Ivey helped in the establishment of clinics in Young, Pine-Strawberry and Tonto Basin, where he still occasionally practices.

"Helping people -- there's no greater privilege than taking someone who's ill and making them better, both physically and spiritually," he said.

It's something he's definitely good at.

Other physicians selected him as the Rural Physician of the Year in 2004 for the state of Arizona.

He was also awarded the Sattenspiel Award from the Arizona Medical Association -- an organization he served as president of from 1989-1990 -- for his contributions to medicine in the state in 2005.

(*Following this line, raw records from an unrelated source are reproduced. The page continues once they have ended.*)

(* A multi-head HyTN $\mathcal{H}$ is consistent if and only if it is conservative, i.e. contains no negative cycle. Moreover, if all weights of $\mathcal{H}$ are integers, then $\mathcal{H}$ admits an integral feasible scheduling $s:V\to\mathbb{Z}$ if and only if it is conservative.
   Context: A multi-head HyTN is a pair $\mathcal{H}=(V,\mathcal{A})$, $V$ a finite node set, $\mathcal{A}$ a finite set of hyperarcs $A=(t_A,H_A,w_A)$ with tail $t_A\in V$, nonempty head set $H_A\subseteq V\setminus\{t_A\}$ and weights $w_A(v)\in\mathbb{R}$ for $v\in H_A$. A scheduling $s:V\to\mathbb{R}$ is feasible if $s(t_A)\ge\min_{v\in H_A}\{s(v)-w_A(v)\}$ for all $A\in\mathcal{A}$; $\mathcal{H}$ is consistent if a feasible scheduling exists. A cycle is a pair $(S,\mathcal{C})$ with $S\subseteq V$, $\mathcal{C}\subseteq\mathcal{A}$, such that $S=\bigcup_{A\in\mathcal{C}}(H_A\cup\{t_A\})\neq\emptyset$ and for every $v\in S$ there is a unique $A\in\mathcal{C}$ with $t_A=v$, denoted $a(v)$. A finite cyclic sequence is a sequence $v_1,\ldots,v_p$ of nodes of $S$ with $v_{t+1}\in H_{a(v_t)}$ for $1\le t<p$, $v_p=v_1$, and no other repeated node. The cycle is negative if every finite cyclic sequence satisfies $\sum_{t=1}^{p-1}w_{a(v_t)}(v_{t+1})<0$. $\mathcal{H}$ is conservative if it has no negative cycle. *)

theory Defs
  imports Main "HOL.Real"
begin

type_synonym 'a hyperarc = "'a \<times> 'a set \<times> ('a \<Rightarrow> real)"

definition tl_arc :: "'a hyperarc \<Rightarrow> 'a" where "tl_arc A = fst A"
definition hd_arc :: "'a hyperarc \<Rightarrow> 'a set" where "hd_arc A = fst (snd A)"
definition wt_arc :: "'a hyperarc \<Rightarrow> 'a \<Rightarrow> real" where "wt_arc A = snd (snd A)"

definition hytn :: "'a set \<Rightarrow> 'a hyperarc set \<Rightarrow> bool" where
  "hytn V As \<longleftrightarrow> finite V \<and> finite As \<and>
     (\<forall>A\<in>As. tl_arc A \<in> V \<and> hd_arc A \<noteq> {} \<and> hd_arc A \<subseteq> V - {tl_arc A})"

definition feasible :: "'a set \<Rightarrow> 'a hyperarc set \<Rightarrow> ('a \<Rightarrow> real) \<Rightarrow> bool" where
  "feasible V As s \<longleftrightarrow>
     (\<forall>A\<in>As. s (tl_arc A) \<ge> Min ((\<lambda>v. s v - wt_arc A v) ` hd_arc A))"

definition consistent :: "'a set \<Rightarrow> 'a hyperarc set \<Rightarrow> bool" where
  "consistent V As \<longleftrightarrow> (\<exists>s. feasible V As s)"

definition int_consistent :: "'a set \<Rightarrow> 'a hyperarc set \<Rightarrow> bool" where
  "int_consistent V As \<longleftrightarrow> (\<exists>s :: 'a \<Rightarrow> int. feasible V As (\<lambda>v. real_of_int (s v)))"

definition is_cycle :: "'a set \<Rightarrow> 'a hyperarc set \<Rightarrow> 'a set \<Rightarrow> 'a hyperarc set \<Rightarrow> bool" where
  "is_cycle V As S C \<longleftrightarrow> C \<subseteq> As \<and>
     S = (\<Union>A\<in>C. hd_arc A \<union> {tl_arc A}) \<and> S \<noteq> {} \<and>
     (\<forall>v\<in>S. \<exists>!A. A \<in> C \<and> tl_arc A = v)"

definition out_arc :: "'a hyperarc set \<Rightarrow> 'a \<Rightarrow> 'a hyperarc" where
  "out_arc C v = (THE A. A \<in> C \<and> tl_arc A = v)"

Ivey said he plans on improving health care in Payson even further.

"I see my practice as a continuum -- I want to bring some sanity back to health care in Payson," he said.

Ivey said that the Payson Regional Medical Center and its staff is the best facility of its size in the state.

It's obvious that he is encouraged by the progress that the Rim Country has experienced in health care in the time he's been here. It's equally obvious that his drive is stronger than ever.

"I'd love to see this community come together and help each other," he said. "I'd like to see it healthy, as a place that everyone would want to live."

As for his personal goals, Ivey wants only to know that he left a positive impact on the community.

"I want someday to be able to say Mark Ivey made a difference," he said. "The truth is, I'm leaving it in [God's] hands."